Friday, December 13, 2002

Dynamism of a Dog on a Leash


Friday, 13 December 2002

I've just been checking out the introduction to Virginia Postrel's The Future and Its Enemies (link via Tim Dunlop). It starts with an extended meditation on the revamp of the Tomorrowland section of Disneyland in 1998. I've been to Disneyland; it was fun. For most of the day anyway. When it's evening and you're jaded from six hours of sensory overload, pissed off at having to pay for a two-pack of Tylenol to ease the pain of your companion's dysmenorrhea and looking at a three hour bus ride back to central Los Angeles the romance dies. Your attention drifts from the gorgeous scenery of the rides to the cleverly concealed industrial technology that drives them and the mind turns to thoughts of Taylorism. I had nowhere near as much fun as John Safran did in his Race Around the World segment, asking the guide at the Walt Disney Museum awkward questions about Walt's alleged fascist sympathies and sneaking a Saddam Hussein doll into the "Small World" ride.

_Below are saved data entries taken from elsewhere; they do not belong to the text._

(* Let $G$ be a trigraph containing a fence gadget $F$ attached to a set $S$ and satisfying the attachment rule in $G$ with set $X$, and let $Y=V(G)\setminus(V(F)\cup S\cup X)$. Let $G'$ be any trigraph of a partial $4$-sequence from $G$ such that $S$ is not contained in a single part of $G'$. Then (i) no part of $G'$ intersects both $S$ and $V(G)\setminus S$, and (ii) no part of $G'$ intersects both $X$ and $Y$.
   Context: A trigraph $G$ consists of a vertex set $V(G)$ and two disjoint sets of unordered pairs of distinct vertices: black edges and red edges; the red graph is formed by the red edges. Contracting two distinct vertices $u,v$ replaces them by a new vertex $w$ such that, for every other vertex $z$, $wz$ is black if $uz,vz$ are both black, a non-edge if both are non-edges, and red otherwise. A partial $d$-sequence from $G$ is a sequence of trigraphs starting at $G$, each obtained from the previous by one contraction, all of maximum red degree at most $d$. Each vertex $u$ of a later trigraph $G'$ corresponds to the set $u(G)$ of vertices of $G$ merged into it; these sets are the parts of $G'$. A fence gadget is a trigraph $F$ on $A\cup B$, $A=\{a_1,\dots,a_6\}$, $B=\{b_1,\dots,b_6\}$, whose black edges are those of the cycles $a_1a_2a_3a_4a_5a_6a_1$ and $b_1b_2b_3b_4b_5b_6b_1$ together with $b_1a_6$, and whose red edges are $a_ib_i$ for $i\in[6]$ and $a_ib_{i+1}$ for $i\in[5]$. Inside a trigraph $G$, $F$ is attached to a nonempty set $S\subseteq V(G)\setminus V(F)$ if every vertex of $A$ is joined by a black edge to every vertex of $S$ and no vertex of $B$ is adjacent to a vertex of $S$. $F$ satisfies the attachment rule in $G$ if $V(F)$ is the vertex set of a connected component of the red graph of $G$ and there is a set $X\subseteq V(G)\setminus(V(F)\cup S)$ such that every vertex of $A$ has exactly $X\cup S$ as its set of neighbours outside $V(F)$, every vertex of $B$ has exactly $X$ as its set of neighbours outside $V(F)$ (all these edges black), and every vertex of $X$ is adjacent to every vertex of $S$. *)

theory Defs
  imports Main
begin

record 'v trigraph =
  verts :: "'v set"
  blk   :: "'v set set"
  red   :: "'v set set"

definition pairs_on :: "'v set \<Rightarrow> 'v set set" where
  "pairs_on V = {{x, y} | x y. x \<in> V \<and> y \<in> V \<and> x \<noteq> y}"

definition wf_trigraph :: "('v, 'b) trigraph_scheme \<Rightarrow> bool" where
  "wf_trigraph G \<longleftrightarrow> finite (verts G) \<and> blk G \<subseteq> pairs_on (verts G)
     \<and> red G \<subseteq> pairs_on (verts G) \<and> blk G \<inter> red G = {}"

definition red_deg :: "'v trigraph \<Rightarrow> 'v \<Rightarrow> nat" where
  "red_deg G x = card {y \<in> verts G. {x, y} \<in> red G}"

definition max_red_deg_le :: "'v trigraph \<Rightarrow> nat \<Rightarrow> bool" where
  "max_red_deg_le G d \<longleftrightarrow> (\<forall>x \<in> verts G. red_deg G x \<le> d)"

text \<open>Trigraphs in a contraction sequence from G are represented with their
vertices being the parts (the sets of vertices of G merged into them).\<close>

definition lift :: "'v trigraph \<Rightarrow> 'v set trigraph" where
  "lift G = \<lparr> verts = (\<lambda>v. {v}) ` verts G,
             blk = (\<lambda>e. (\<lambda>v. {v}) ` e) ` blk G,
             red = (\<lambda>e. (\<lambda>v. {v}) ` e) ` red G \<rparr>"

definition contract :: "'v set trigraph \<Rightarrow> 'v set \<Rightarrow> 'v set \<Rightarrow> 'v set trigraph" where
  "contract G u v =
     (let w = u \<union> v; Z = verts G - {u, v} in
      \<lparr> verts = Z \<union> {w},
        blk = {e \<in> blk G. u \<notin> e \<and> v \<notin> e}
              \<union> {{w, z} | z. z \<in> Z \<and> {u, z} \<in> blk G \<and> {v, z} \<in> blk G},
        red = {e \<in> red G. u \<notin> e \<and> v \<notin> e}
              \<union> {{w, z} | z. z \<in> Z \<and> \<not> ({u, z} \<in> blk G \<and> {v, z} \<in> blk G)
                     \<and> ({u, z} \<in> blk G \<union> red G \<or> {v, z} \<in> blk G \<union> red G)} \<rparr>)"

definition partial_seq :: "nat \<Rightarrow> 'v trigraph \<Rightarrow> 'v set trigraph list \<Rightarrow> bool" where
  "partial_seq d G Gs \<longleftrightarrow>
     Gs \<noteq> [] \<and> hd Gs = lift G
     \<and> (\<forall>i. Suc i < length Gs \<longrightarrow>
          (\<exists>u \<in> verts (Gs ! i). \<exists>v \<in> verts (Gs ! i). u \<noteq> v
              \<and> Gs ! Suc i = contract (Gs ! i) u v))
     \<and> (\<forall>H \<in> set Gs. max_red_deg_le H d)"

definition adj :: "'v trigraph \<Rightarrow> 'v \<Rightarrow> 'v \<Rightarrow> bool" where
  "adj G x y \<longleftrightarrow> {x, y} \<in> blk G \<union> red G"

definition neighbours :: "'v trigraph \<Rightarrow> 'v \<Rightarrow> 'v set" where
  "neighbours G x = {y \<in> verts G. adj G x y}"

definition fence_black :: "(nat \<Rightarrow> 'v) \<Rightarrow> (nat \<Rightarrow> 'v) \<Rightarrow> 'v set set" where
  "fence_black a b =
     {{a i, a (Suc i)} | i. i \<in> {1..5}} \<union> {{a 6, a 1}}
     \<union> {{b i, b (Suc i)} | i. i \<in> {1..5}} \<union> {{b 6, b 1}}
     \<union> {{b 1, a 6}}"

definition fence_red :: "(nat \<Rightarrow> 'v) \<Rightarrow> (nat \<Rightarrow> 'v) \<Rightarrow> 'v set set" where
  "fence_red a b =
     {{a i, b i} | i. i \<in> {1..6}} \<union> {{a i, b (Suc i)} | i. i \<in> {1..5}}"

definition fence_vs :: "(nat \<Rightarrow> 'v) \<Rightarrow> (nat \<Rightarrow> 'v) \<Rightarrow> 'v set" where
  "fence_vs a b = a ` {1..6} \<union> b ` {1..6}"

definition contains_fence :: "'v trigraph \<Rightarrow> (nat \<Rightarrow> 'v) \<Rightarrow> (nat \<Rightarrow> 'v) \<Rightarrow> bool" where
  "contains_fence G a b \<longleftrightarrow>
     inj_on a {1..6} \<and> inj_on b {1..6} \<and> a ` {1..6} \<inter> b ` {1..6} = {}
     \<and> fence_vs a b \<subseteq> verts G
     \<and> {e \<in> blk G. e \<subseteq> fence_vs a b} = fence_black a b
     \<and> {e \<in> red G. e \<subseteq> fence_vs a b} = fence_red a b"

definition attached :: "'v trigraph \<Rightarrow> (nat \<Rightarrow> 'v) \<Rightarrow> (nat \<Rightarrow> 'v) \<Rightarrow> 'v set \<Rightarrow> bool" where
  "attached G a b S \<longleftrightarrow>
     S \<noteq> {} \<and> S \<subseteq> verts G - fence_vs a b
     \<and> (\<forall>i \<in> {1..6}. \<forall>s \<in> S. {a i, s} \<in> blk G)
     \<and> (\<forall>i \<in> {1..6}. \<forall>s \<in> S. \<not> adj G (b i) s)"

definition red_rel :: "'v trigraph \<Rightarrow> ('v \<times> 'v) set" where
  "red_rel G = {(x, y). {x, y} \<in> red G}"

definition red_component :: "'v trigraph \<Rightarrow> 'v set \<Rightarrow> bool" where
  "red_component G C \<longleftrightarrow> C \<noteq> {} \<and> C \<subseteq> verts G
     \<and> (\<forall>x \<in> C. {y \<in> verts G. (x, y) \<in> (red_rel G)\<^sup>*} = C)"

definition attachment_rule ::
  "'v trigraph \<Rightarrow> (nat \<Rightarrow> 'v) \<Rightarrow> (nat \<Rightarrow> 'v) \<Rightarrow> 'v set \<Rightarrow> 'v set \<Rightarrow> bool" where
  "attachment_rule G a b S X \<longleftrightarrow>
     red_component G (fence_vs a b)
     \<and> X \<subseteq> verts G - (fence_vs a b \<union> S)
     \<and> (\<forall>i \<in> {1..6}. neighbours G (a i) - fence_vs a b = X \<union> S
          \<and> (\<forall>y \<in> X \<union> S. {a i, y} \<in> blk G))
     \<and> (\<forall>i \<in> {1..6}. neighbours G (b i) - fence_vs a b = X
          \<and> (\<forall>y \<in> X. {b i, y} \<in> blk G))
     \<and> (\<forall>x \<in> X. \<forall>s \<in> S. adj G x s)"

end

theory Submission
  imports Defs "HOL-Library.Disjoint_Sets"
begin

Postrel doesn't share my crap-coloured glasses view of Disneyland:

Disneyland was dedicated to what Walt Disney called "plussing": continuous improvement through both new ideas and changes to existing attractions.

The notion of continuous improvement through both new ideas and changes to existing "attractions" (in the world outside the theme park we're probably better off speaking of institutions and technologies) is the basis of Postrel's dynamist vision of the future and, like many polemicists, she offers us a simple choice:

How we feel about the evolving future tells us who we are as individuals and as a civilization: Do we search for stasis — a regulated, engineered world? Or do we embrace dynamism — a world of constant creation, discovery, and competition?

Postrel places herself firmly on the dynamist side of this divide: the domain name of her site is "www.dynamist.com". My first impression is that Postrel's core argument is that there are basically two kinds of people in the world: smart people and stupid people. Dynamism is progressive and smart: stasism, a position embraced at both ends of the political spectrum, is reactionary and stupid.

There's a wealth of potential for argument and satire here, especially as Postrel's thesis has a lot of features which pretty much guarantee its success as the next big intellectual fad. Too much for one post really so I'm looking forward to returning to this topic in the future. It looks like being more fun than the Indiana Jones ride.